** Opening Task material block **

(* Consider a hybrid market scheme (companies $c$ buy directly at the auction, companies $b$ through intermediaries) and a tax scheme, with $\tau,\lambda,A$ chosen such that the aggregate emissions are identical across all schemes (equal to $A$), and assume $$\Big[\max_b\frac{\mathrm{E}^{\mathrm{bau}}_b}{\varrho_b}-2\lambda\Big]\Big(\sum_c\varrho_c+\tfrac12\sum_b\varrho_b\Big)+\sum_c\mathrm{E}^{\mathrm{bau}}_c+\tfrac12\sum_b\mathrm{E}^{\mathrm{bau}}_b\le A<\sum_c\mathrm{E}^{\mathrm{bau}}_c+\sum_b\Big[\tfrac{\mathrm{E}^{\mathrm{bau}}_b}{2}\vee(\mathrm{E}^{\mathrm{bau}}_b-\lambda\varrho_b)\Big].$$ Then: (Tax) $\tau=(\mathrm{E}^{\mathrm{bau}}-A)/\varrho$; $\mathcal{W}^{\mathrm{tax}}_{\mathrm{C},i}=\mathcal{W}^{\mathrm{bau}}_{\mathrm{C},i}-\tau(\mathrm{E}^{\mathrm{bau}}_i-\tfrac\tau2\varrho_i)$ for every company $i$; $\mathcal{W}^{\mathrm{tax}}_{\mathrm{C}}=\mathcal{W}^{\mathrm{bau}}_{\mathrm{C}}-\tau(\mathrm{E}^{\mathrm{bau}}-\tfrac\tau2\varrho)$ and $\mathcal{W}^{\mathrm{tax}}_{\mathrm{R}}=\tau A$. (Market) For each $c$: $\bm{P_c}(\bm S)=\bm S=\dfrac{2\varrho\tau-\sum_b\mathrm{E}^{\mathrm{bau}}_b}{2\varrho-\sum_b\varrho_b}$ and $\mathcal{W}^{\mathrm{mar}}_{\mathrm{C},c}=\mathcal{W}^{\mathrm{tax}}_{\mathrm{C},c}+\dfrac{\mathrm{E}^{\mathrm{tax}}_c+\mathrm{E}^{\mathrm{mar}}_c}{2\varrho}\sum_b\mathrm{E}^{\mathrm{mar}}_b$. For each $b$: $\bm{P_b}(\bm S)=\tfrac\tau2+\tfrac12\big(\tfrac{\mathrm{E}^{\mathrm{bau}}_b}{\varrho_b}-\tfrac1\varrho\sum_\beta\mathrm{E}^{\mathrm{mar}}_\beta\big)$, $\mathcal{W}^{\mathrm{mar}}_{\mathrm{F},b}=(\mathrm{E}^{\mathrm{mar}}_b)^2/\varrho_b$ and $$\mathcal{W}^{\mathrm{mar}}_{\mathrm{C},b}=\mathcal{W}^{\mathrm{tax}}_{\mathrm{C},b}+\frac{\mathrm{E}^{\mathrm{tax}}_b+\mathrm{E}^{\mathrm{mar}}_b}{2\varrho}\sum_\beta\mathrm{E}^{\mathrm{mar}}_\beta-\frac32\mathcal{W}^{\mathrm{mar}}_{\mathrm{F},b}+\frac{\mathrm{E}^{\mathrm{mar}}_b}{2\varrho}\sum_\beta\mathrm{E}^{\mathrm{mar}}_\beta,$$ where $\beta$ runs over the companies buying through intermediaries. Aggregates: $\mathcal{W}^{\mathrm{mar}}_{\mathrm{F}}=\sum_b(\mathrm{E}^{\mathrm{mar}}_b)^2/\varrho_b$, $\mathcal{W}^{\mathrm{mar}}_{\mathrm{C}}=\mathcal{W}^{\mathrm{tax}}_{\mathrm{C}}-\tfrac32\mathcal{W}^{\mathrm{mar}}_{\mathrm{F}}+\tfrac A\varrho\sum_b\mathrm{E}^{\mathrm{mar}}_b+\tfrac{(\sum_b\mathrm{E}^{\mathrm{mar}}_b)^2}{2\varrho}$, $\mathcal{W}^{\mathrm{mar}}_{\mathrm{R}}=\mathcal{W}^{\mathrm{tax}}_{\mathrm{R}}-\tfrac A\varrho\sum_b\mathrm{E}^{\mathrm{mar}}_b$.
   Context: Each company $i$ (of either type) has $\pi^0_i,\pi^1_i,\gamma_i>0$, raw wealth $\pi_i(q)=\pi^0_iq-\tfrac{\pi^1_i}2q^2$, emissions $e^{-a}q$ with green cost $\tfrac{\gamma_i}2[(1-e^{-a})q]^2$; $\mathrm{E}^{\mathrm{bau}}_i=\pi^0_i/\pi^1_i$, $\mathcal{W}^{\mathrm{bau}}_{\mathrm{C},i}=(\pi^0_i)^2/(2\pi^1_i)$, $\varrho_i=1/\pi^1_i+1/\gamma_i$; aggregates (no index) are sums over all companies; standing assumption $\tau\varrho_i<\mathrm{E}^{\mathrm{bau}}_i$, $\lambda\varrho_i<\mathrm{E}^{\mathrm{bau}}_i$. Tax: company maximizes $\pi_i(q)-c_i(q,a)-\tau e^{-a}q$; emissions $\mathrm{E}^{\mathrm{tax}}_i$, optimal wealth $\mathcal{W}^{\mathrm{tax}}_{\mathrm{C},i}$; regulator earns $\mathcal{W}^{\mathrm{tax}}_{\mathrm{R}}=\tau\sum_i\mathrm{E}^{\mathrm{tax}}_i$. Market: company facing price $P$ maximizes $\pi_i(q)-c_i(q,a)-\delta P-\lambda(e^{-a}q-\delta)^+$, with demand $\bm{\delta_i}(P)=\mathrm{E}^{\mathrm{bau}}_i-P\varrho_i$, emissions $\mathrm{E}^{\mathrm{mar}}_i$ and wealth $\mathcal{W}^{\mathrm{mar}}_{\mathrm{C},i}$. Direct buyers face $\bm{P_c}(S)=S$; intermediary of $b$ buys at $S$, sets $\bm{P_b}(S)=\arg\max_{P\in[S,\lambda]}\bm{\delta_b}(P)(P-S)$ and earns $\mathcal{W}^{\mathrm{mar}}_{\mathrm{F},b}=\bm{\delta_b}(\bm{P_b})(\bm{P_b}-S)$. Equilibrium $\bm S$ solves $A=\sum_c\bm{\delta_c}(\bm S)+\sum_b\bm{\delta_b}(\bm{P_b}(\bm S))$. Regulator earns $\mathcal{W}^{\mathrm{mar}}_{\mathrm{R}}=\lambda\sum_i(\mathrm{E}^{\mathrm{mar}}_i-\bm{\delta_i})^++\bm SA$. $x\vee y=\max(x,y)$. *)

theory Defs
  imports Complex_Main
begin

text \<open>Company parameters are given as functions of the company index:
  p0 i = pi^0_i, p1 i = pi^1_i, g i = gamma_i.\<close>

definition Ebau :: "('i \<Rightarrow> real) \<Rightarrow> ('i \<Rightarrow> real) \<Rightarrow> 'i \<Rightarrow> real" where
  "Ebau p0 p1 i = p0 i / p1 i"

definition WbauC :: "('i \<Rightarrow> real) \<Rightarrow> ('i \<Rightarrow> real) \<Rightarrow> 'i \<Rightarrow> real" where
  "WbauC p0 p1 i = (p0 i)^2 / (2 * p1 i)"

definition rho :: "('i \<Rightarrow> real) \<Rightarrow> ('i \<Rightarrow> real) \<Rightarrow> 'i \<Rightarrow> real" where
  "rho p1 g i = 1 / p1 i + 1 / g i"

definition raw_wealth :: "('i \<Rightarrow> real) \<Rightarrow> ('i \<Rightarrow> real) \<Rightarrow> 'i \<Rightarrow> real \<Rightarrow> real" where
  "raw_wealth p0 p1 i q = p0 i * q - p1 i / 2 * q^2"

definition green_cost :: "('i \<Rightarrow> real) \<Rightarrow> 'i \<Rightarrow> real \<Rightarrow> real \<Rightarrow> real" where
  "green_cost g i q a = g i / 2 * ((1 - exp (- a)) * q)^2"

text \<open>Tax scheme: company i maximizes over production q >= 0 and abatement a >= 0.\<close>
definition tax_obj :: "('i \<Rightarrow> real) \<Rightarrow> ('i \<Rightarrow> real) \<Rightarrow> ('i \<Rightarrow> real) \<Rightarrow> real \<Rightarrow> 'i \<Rightarrow> real \<Rightarrow> real \<Rightarrow> real" where
  "tax_obj p0 p1 g tau i q a = raw_wealth p0 p1 i q - green_cost g i q a - tau * exp (- a) * q"

definition tax_opt :: "('i \<Rightarrow> real) \<Rightarrow> ('i \<Rightarrow> real) \<Rightarrow> ('i \<Rightarrow> real) \<Rightarrow> real \<Rightarrow> 'i \<Rightarrow> real \<Rightarrow> real \<Rightarrow> bool" where
  "tax_opt p0 p1 g tau i q a \<longleftrightarrow> 0 \<le> q \<and> 0 \<le> a \<and>
     (\<forall>q' a'. 0 \<le> q' \<and> 0 \<le> a' \<longrightarrow> tax_obj p0 p1 g tau i q' a' \<le> tax_obj p0 p1 g tau i q a)"

definition Etax :: "('i \<Rightarrow> real) \<Rightarrow> ('i \<Rightarrow> real) \<Rightarrow> ('i \<Rightarrow> real) \<Rightarrow> real \<Rightarrow> 'i \<Rightarrow> real" where
  "Etax p0 p1 g tau i = (THE e. \<exists>q a. tax_opt p0 p1 g tau i q a \<and> e = exp (- a) * q)"

definition WtaxC :: "('i \<Rightarrow> real) \<Rightarrow> ('i \<Rightarrow> real) \<Rightarrow> ('i \<Rightarrow> real) \<Rightarrow> real \<Rightarrow> 'i \<Rightarrow> real" where
  "WtaxC p0 p1 g tau i = (THE w. \<exists>q a. tax_opt p0 p1 g tau i q a \<and> w = tax_obj p0 p1 g tau i q a)"

text \<open>Market scheme: company i facing allowance price P maximizes over q >= 0, a >= 0 and
  purchased allowances delta >= 0, with penalty lam per unit of uncovered emissions.\<close>
definition mar_obj :: "('i \<Rightarrow> real) \<Rightarrow> ('i \<Rightarrow> real) \<Rightarrow> ('i \<Rightarrow> real) \<Rightarrow> real \<Rightarrow> real \<Rightarrow> 'i \<Rightarrow> real \<Rightarrow> real \<Rightarrow> real \<Rightarrow> real" where
  "mar_obj p0 p1 g lam P i q a d = raw_wealth p0 p1 i q - green_cost g i q a - d * P
      - lam * max (exp (- a) * q - d) 0"

definition mar_opt :: "('i \<Rightarrow> real) \<Rightarrow> ('i \<Rightarrow> real) \<Rightarrow> ('i \<Rightarrow> real) \<Rightarrow> real \<Rightarrow> real \<Rightarrow> 'i \<Rightarrow> real \<Rightarrow> real \<Rightarrow> real \<Rightarrow> bool" where
  "mar_opt p0 p1 g lam P i q a d \<longleftrightarrow> 0 \<le> q \<and> 0 \<le> a \<and> 0 \<le> d \<and>
     (\<forall>q' a' d'. 0 \<le> q' \<and> 0 \<le> a' \<and> 0 \<le> d' \<longrightarrow>
        mar_obj p0 p1 g lam P i q' a' d' \<le> mar_obj p0 p1 g lam P i q a d)"

definition Emar :: "('i \<Rightarrow> real) \<Rightarrow> ('i \<Rightarrow> real) \<Rightarrow> ('i \<Rightarrow> real) \<Rightarrow> real \<Rightarrow> real \<Rightarrow> 'i \<Rightarrow> real" where
  "Emar p0 p1 g lam P i = (THE e. \<exists>q a d. mar_opt p0 p1 g lam P i q a d \<and> e = exp (- a) * q)"

definition WmarC :: "('i \<Rightarrow> real) \<Rightarrow> ('i \<Rightarrow> real) \<Rightarrow> ('i \<Rightarrow> real) \<Rightarrow> real \<Rightarrow> real \<Rightarrow> 'i \<Rightarrow> real" where
  "WmarC p0 p1 g lam P i = (THE w. \<exists>q a d. mar_opt p0 p1 g lam P i q a d \<and> w = mar_obj p0 p1 g lam P i q a d)"

definition demand :: "('i \<Rightarrow> real) \<Rightarrow> ('i \<Rightarrow> real) \<Rightarrow> ('i \<Rightarrow> real) \<Rightarrow> real \<Rightarrow> 'i \<Rightarrow> real" where
  "demand p0 p1 g P i = Ebau p0 p1 i - P * rho p1 g i"

definition Pint :: "('i \<Rightarrow> real) \<Rightarrow> ('i \<Rightarrow> real) \<Rightarrow> ('i \<Rightarrow> real) \<Rightarrow> real \<Rightarrow> real \<Rightarrow> 'i \<Rightarrow> real" where
  "Pint p0 p1 g lam S b = (THE P. S \<le> P \<and> P \<le> lam \<and>
     (\<forall>P'. S \<le> P' \<and> P' \<le> lam \<longrightarrow> demand p0 p1 g P' b * (P' - S) \<le> demand p0 p1 g P b * (P - S)))"

definition WmarF :: "('i \<Rightarrow> real) \<Rightarrow> ('i \<Rightarrow> real) \<Rightarrow> ('i \<Rightarrow> real) \<Rightarrow> real \<Rightarrow> real \<Rightarrow> 'i \<Rightarrow> real" where
  "WmarF p0 p1 g lam S b = demand p0 p1 g (Pint p0 p1 g lam S b) b * (Pint p0 p1 g lam S b - S)"

definition Pface :: "'i set \<Rightarrow> ('i \<Rightarrow> real) \<Rightarrow> ('i \<Rightarrow> real) \<Rightarrow> ('i \<Rightarrow> real) \<Rightarrow> real \<Rightarrow> real \<Rightarrow> 'i \<Rightarrow> real" where
  "Pface Bs p0 p1 g lam S i = (if i \<in> Bs then Pint p0 p1 g lam S i else S)"

definition is_equilibrium :: "'i set \<Rightarrow> 'i set \<Rightarrow> ('i \<Rightarrow> real) \<Rightarrow> ('i \<Rightarrow> real) \<Rightarrow> ('i \<Rightarrow> real) \<Rightarrow> real \<Rightarrow> real \<Rightarrow> real \<Rightarrow> bool" where
  "is_equilibrium Cs Bs p0 p1 g lam A S \<longleftrightarrow>
     A = (\<Sum>c\<in>Cs. demand p0 p1 g S c) + (\<Sum>b\<in>Bs. demand p0 p1 g (Pint p0 p1 g lam S b) b)"

definition WtaxR :: "'i set \<Rightarrow> ('i \<Rightarrow> real) \<Rightarrow> ('i \<Rightarrow> real) \<Rightarrow> ('i \<Rightarrow> real) \<Rightarrow> real \<Rightarrow> real" where
  "WtaxR I p0 p1 g tau = tau * (\<Sum>i\<in>I. Etax p0 p1 g tau i)"

definition WmarR :: "'i set \<Rightarrow> 'i set \<Rightarrow> ('i \<Rightarrow> real) \<Rightarrow> ('i \<Rightarrow> real) \<Rightarrow> ('i \<Rightarrow> real) \<Rightarrow> real \<Rightarrow> real \<Rightarrow> real \<Rightarrow> real" where
  "WmarR I Bs p0 p1 g lam A S =
     lam * (\<Sum>i\<in>I. max (Emar p0 p1 g lam (Pface Bs p0 p1 g lam S i) i
                         - demand p0 p1 g (Pface Bs p0 p1 g lam S i) i) 0) + S * A"

end

theory Submission
  imports Defs
begin

(*
  Each company's problem is a concave quadratic once squares are completed: under a tax
  rate tau >= 0 company i emits Ebau_i - tau rho_i and keeps Wbau_i - tau (Ebau_i - tau rho_i / 2),
  and a company facing an allowance price P <= lam behaves exactly as under the tax P, since
  covering all its emissions with allowances is optimal. An intermediary buying at S maximises a
  concave quadratic in its price and charges min ((Ebau_b / rho_b + S) / 2) lam. The lower bound
  on A forces S <= 2 lam - max_b Ebau_b / rho_b, so this minimum is the interior one and company b
  emits (Ebau_b - S rho_b) / 2; the upper bound gives A < Ebau, hence tau > 0. Equal aggregate
  emissions then yield tau = S + (sum_b Emar_b) / rho, and all formulas follow by algebra.
*)

lemma tax_obj_completed_square:
  assumes "p1 i \<noteq> 0" "g i \<noteq> 0"
  shows "tax_obj p0 p1 g tau i q a =
    WbauC p0 p1 i - tau * (Ebau p0 p1 i - tau / 2 * rho p1 g i)
    - p1 i / 2 * (q - (p0 i - tau) / p1 i)\<^sup>2 - g i / 2 * ((1 - exp (- a)) * q - tau / g i)\<^sup>2"
  using assms unfolding tax_obj_def raw_wealth_def green_cost_def WbauC_def Ebau_def rho_def
  by (simp add: field_simps power2_eq_square)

** Closing Task material block **

Work instructions:
Once you have found every line in the listing that holds the string "bool", copy each of them.

Answer to the problem:
definition tax_opt :: "('i \<Rightarrow> real) \<Rightarrow> ('i \<Rightarrow> real) \<Rightarrow> ('i \<Rightarrow> real) \<Rightarrow> real \<Rightarrow> 'i \<Rightarrow> real \<Rightarrow> real \<Rightarrow> bool" where
definition mar_opt :: "('i \<Rightarrow> real) \<Rightarrow> ('i \<Rightarrow> real) \<Rightarrow> ('i \<Rightarrow> real) \<Rightarrow> real \<Rightarrow> real \<Rightarrow> 'i \<Rightarrow> real \<Rightarrow> real \<Rightarrow> real \<Rightarrow> bool" where
definition is_equilibrium :: "'i set \<Rightarrow> 'i set \<Rightarrow> ('i \<Rightarrow> real) \<Rightarrow> ('i \<Rightarrow> real) \<Rightarrow> ('i \<Rightarrow> real) \<Rightarrow> real \<Rightarrow> real \<Rightarrow> real \<Rightarrow> bool" where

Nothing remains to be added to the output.